Двор, где ничего нельзя удержать в секрете:
– Что вы несете, Гриша, в одеяле с женой? Что-то тяжелое, квадратное, похожее на телевизор?
– Телевизор.
– Если мне не изменяет зрение, вы недавно покупали один телевизор.
– Этот нам подарил сын.
– Какой сын, когда он вам подарил, что вы рассказываете, противно слушать?! Надежда Тимофеевна, что это у вас в руках такое круглое?
– Это левая краска, занесли во двор.
– Какая это краска?
– Я вам говорю, левая.
– Я понимаю, левая, но она же имеет цвет.
– Левое бордо.
– Что вы будете красить?
– Плинтуса и наличники.
– Я тоже хочу.
– Идите к Даше. Там уже сидит продавец.
Мой двор, жители которого с восьми утра учителя, врачи, канатчики, столяры, а в пять они снова – тетя Рита, дядя Коля, баба Даша.
– С приездом, Миша. Откуда?
– Из Ленинграда.
– Тянет в Одессу… Слушай, тут слух идет… Неужели это правда? Такой человек… Это правда?
– Это неправда.
– Я же говорю: такой человек. Конечно, это неправда… А что с командой КВН? Команда грустит?..
– Нет.
– Конечно, нет.
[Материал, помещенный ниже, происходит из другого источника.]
lemma p_norm_bounds: "\<exists>\<tau>>0. \<forall>z. cmod z < \<tau> \<longrightarrow>
    cmod a / 2 * cmod z ^ \<delta> \<le> cmod (p z) \<and> cmod (p z) \<le> 2 * cmod a * cmod z ^ \<delta>"
proof -
  obtain C \<epsilon> where \<epsilon>: "\<epsilon> > 0"
    and C: "\<And>z. cmod z < \<epsilon> \<Longrightarrow> cmod (p z - a * z ^ \<delta>) \<le> C * cmod z ^ (\<delta> + 1)"
    using p_expansion by blast
  define D where "D = \<bar>C\<bar> + 1"
  have D: "D > 0" unfolding D_def by simp
  define \<tau> where "\<tau> = min \<epsilon> (cmod a / (2 * D))"
  have "\<tau> > 0" unfolding \<tau>_def using \<epsilon> a_nz D by simp
  moreover have "cmod a / 2 * cmod z ^ \<delta> \<le> cmod (p z) \<and> cmod (p z) \<le> 2 * cmod a * cmod z ^ \<delta>"
    if z: "cmod z < \<tau>" for z
  proof -
    have "D * cmod z \<le> D * (cmod a / (2 * D))" using z D unfolding \<tau>_def by (intro mult_left_mono) auto
    also have "\<dots> = cmod a / 2" using D by simp
    finally have Dz: "D * cmod z \<le> cmod a / 2" .
    have "cmod (p z - a * z ^ \<delta>) \<le> C * cmod z * cmod z ^ \<delta>"
      using C[of z] z unfolding \<tau>_def by (simp add: mult.assoc)
    also have "\<dots> \<le> D * cmod z * cmod z ^ \<delta>" unfolding D_def by (intro mult_right_mono) auto
    also have "\<dots> \<le> cmod a / 2 * cmod z ^ \<delta>" using Dz by (rule mult_right_mono) simp
    finally have err: "cmod (p z - a * z ^ \<delta>) \<le> cmod a / 2 * cmod z ^ \<delta>" .
    have "cmod (a * z ^ \<delta>) - cmod (p z) \<le> cmod (p z - a * z ^ \<delta>)"
      using norm_triangle_ineq2[of "a * z ^ \<delta>" "p z"] by (simp add: norm_minus_commute)
    moreover have "cmod (p z) - cmod (a * z ^ \<delta>) \<le> cmod (p z - a * z ^ \<delta>)" by (rule norm_triangle_ineq2)
    moreover have "cmod (a * z ^ \<delta>) = cmod a * cmod z ^ \<delta>" by (simp add: norm_mult norm_power)
    moreover have "cmod a * cmod z ^ \<delta> \<ge> 0" by simp
    ultimately show ?thesis using err by linarith
  qed
  ultimately show ?thesis by blast
qed

lemma q_series_abs: "\<exists>\<rho>. 0 < \<rho> \<and> \<rho> < 1 \<and> (\<lambda>(i, j). cmod (b i j) * \<rho> ^ (i + j)) summable_on UNIV \<and>
   (\<forall>z w. cmod z \<le> \<rho> \<and> cmod w \<le> \<rho> \<longrightarrow> ((\<lambda>(i, j). b i j * z ^ i * w ^ j) has_sum q z w) UNIV)"
proof -
  obtain \<epsilon> where \<epsilon>: "\<epsilon> > 0" and ser: "\<forall>z w. cmod z < \<epsilon> \<and> cmod w < \<epsilon> \<longrightarrow>
          ((\<lambda>(i, j). b i j * z ^ i * w ^ j) has_sum q z w) UNIV" using q_series_absies by blast
  define \<rho> where "\<rho> = min (\<epsilon> / 2) (1/2)"
  have \<rho>: "0 < \<rho>" "\<rho> < \<epsilon>" "\<rho> < 1" unfolding \<rho>_def using \<epsilon> by auto
  show ?thesis
    using summable_on_norm_double_power_series[OF ser \<rho>(1,2)] \<rho> ser by (intro exI[of _ \<rho>]) force
qed

lemma q_zero: "q 0 0 = 0"
proof -
  obtain \<rho> where \<rho>: "0 < \<rho>" and hs: "\<forall>z w. cmod z \<le> \<rho> \<and> cmod w \<le> \<rho> \<longrightarrow> ((\<lambda>(i, j). b i j * z ^ i * w ^ j) has_sum q z w) UNIV"
    using q_series_abs by blast
  have h: "((\<lambda>(i, j). b i j * 0 ^ i * 0 ^ j) has_sum q 0 0) UNIV" using hs \<rho> by auto
  have "((\<lambda>(i, j). b i j * (0::complex) ^ i * 0 ^ j) has_sum 0) UNIV"
  proof (rule has_sum_0)
    fix x :: "nat \<times> nat"
    obtain i j where x: "x = (i, j)" by (cases x)
    show "(\<lambda>(i, j). b i j * (0::complex) ^ i * 0 ^ j) x = 0"
      using b00 unfolding x by (cases "i = 0"; cases "j = 0") auto
  qed
  then show ?thesis using h has_sum_unique by blast
qed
Грустить из-за Баку? Терять здоровье из-за Баку?! Таких Баку еще будет и будет, а Одесса требует жизни… Что ты смеесса? Я не прав?
– Ты прав.
Из Одессы можно выезжать, можно уехать навсегда, но сюда нельзя не вернуться. Здесь, когда доходит до дела, все моряки, все рыбаки, все врачи и все больные… И когда была холера, в Одессе стало еще лучше.
Холера в Одессе. Курортники в панике покинули гостеприимный город. На крышах вагонов битком, купе забиты, а в городе стало тихо: холера в Одессе… В ресторане свободно. «Заходите, рекомендуем…» В магазинах от вашего появления начинается здоровая суета. В трамвае вы могли уступить место женщине без опасения, что на него тут же ринется быстрый конкурент. Холера в Одессе!.. В городе стало так чисто, что можно было лежать на асфальте. На улицах появились растерянные такси с зелеными огоньками, чего не наблюдалось с 13-го года.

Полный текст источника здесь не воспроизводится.